Systemic risks in the EU insurance sector
On 16 December 2015 the European Systemic Risk Board (ESRB) published a report on systemic risks in the EU insurance sector.
The ESRB underlines that insurance sector plays and important role in the economy. Its assets are worth two thirds of the European Union GDP. Insurers in the euro area hold market shares of more than 10 % in the markets for long-term bank debt and home sovereign debt.
The ESRB identified the main ways in which insurers and re-insurers can be the source of systemic risks and amplify these:
- “Insurers can amplify shocks owing to their involvement in so-called non-traditional and non-insurance activities such as, for example, speculative derivative transactions.
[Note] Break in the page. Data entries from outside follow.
lemma pg_iso_pg_normalize: "pg_iso G (pg_normalize G) id"
  unfolding pg_iso_def pg_normalize_def by auto

definition adjacency_row :: "pgraph \<Rightarrow> nat \<Rightarrow> nat list" where
  "adjacency_row G u = (if u < pg_n G then pg_deg G u else 0) #
     map (\<lambda>i. if u < pg_n G \<and> i < pg_deg G u then pg_nbr G u i else 0) [0..<pg_n G]"

definition class_rows :: "pgraph \<Rightarrow> nat \<Rightarrow> nat \<Rightarrow> nat list" where
  "class_rows G m c = concat (map (\<lambda>q. adjacency_row G (q * m + c)) [0..<pg_n G div m + 1])"

definition residue_advice :: "pgraph \<Rightarrow> nat \<Rightarrow> nat \<Rightarrow> nat \<Rightarrow> nat \<Rightarrow> bool list"
  where
  "residue_advice G m r w v =
     encode_fields w (v # (dist_pg G r v mod m) # class_rows G m (dist_pg G r v mod m))"

definition lookup_row :: "nat \<Rightarrow> nat \<Rightarrow> nat \<Rightarrow> bool list list \<Rightarrow> nat \<Rightarrow> nat \<Rightarrow> nat"
  where "lookup_row n m w advs u slot =
    get_field w (the (find (\<lambda>bs. get_field w bs 1 = u mod m) advs)) ((u div m) * (n + 1) + slot + 2)"

definition decode_graph :: "nat \<Rightarrow> nat \<Rightarrow> nat \<Rightarrow> bool list list \<Rightarrow> pgraph" where
  "decode_graph n m w advs =
     \<lparr>pg_n = n,
      pg_deg = (\<lambda>u. if u < n then lookup_row n m w advs u 0 else 0),
      pg_nbr = (\<lambda>u i. if u < n \<and> i < lookup_row n m w advs u 0
                      then lookup_row n m w advs u (Suc i) else 0)\<rparr>"

definition residue_output :: "nat \<Rightarrow> nat \<Rightarrow> nat \<Rightarrow> dat \<Rightarrow> pgraph \<times> nat" where
  "residue_output n m w s =
     (decode_graph n m w (map bits_of_dat (dat_items s)),
      get_field w (bits_of_dat (hd (dat_items s))) 0)"

lemma length_adjacency_row [simp]: "length (adjacency_row G u) = pg_n G + 1"
  by (simp add: adjacency_row_def)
• Certain asset allocation behaviour such as sales of assets in downturns may have a pro-cyclical impact, thus aggravating already falling prices.
- Life insurers in parts of Europe could create disruption by failing collectively under a scenario with prolonged low risk-free rates and suddenly falling asset prices (“the double hit”). Insurance guarantee schemes and recovery and resolution arrangements, currently in place at national level, are unlikely to be fit to handle such a scenario. From a shorter-term perspective, this is in fact the most imminent risk under the current economic conditions.
- Under-pricing by an insurer, if left unnoticed in microprudential supervision, could lead to a lack of substitutes in those classes of insurance that are vital to economic activity.”
The ESRB also analysed incentives in prudential regulation, in particular Solvency II. It will generally increase capital and reserving requirements. However, the ESRB puts a question whether additional tools are needed for macroprudential authorities to deal with systemic risks of the EU insurance sector.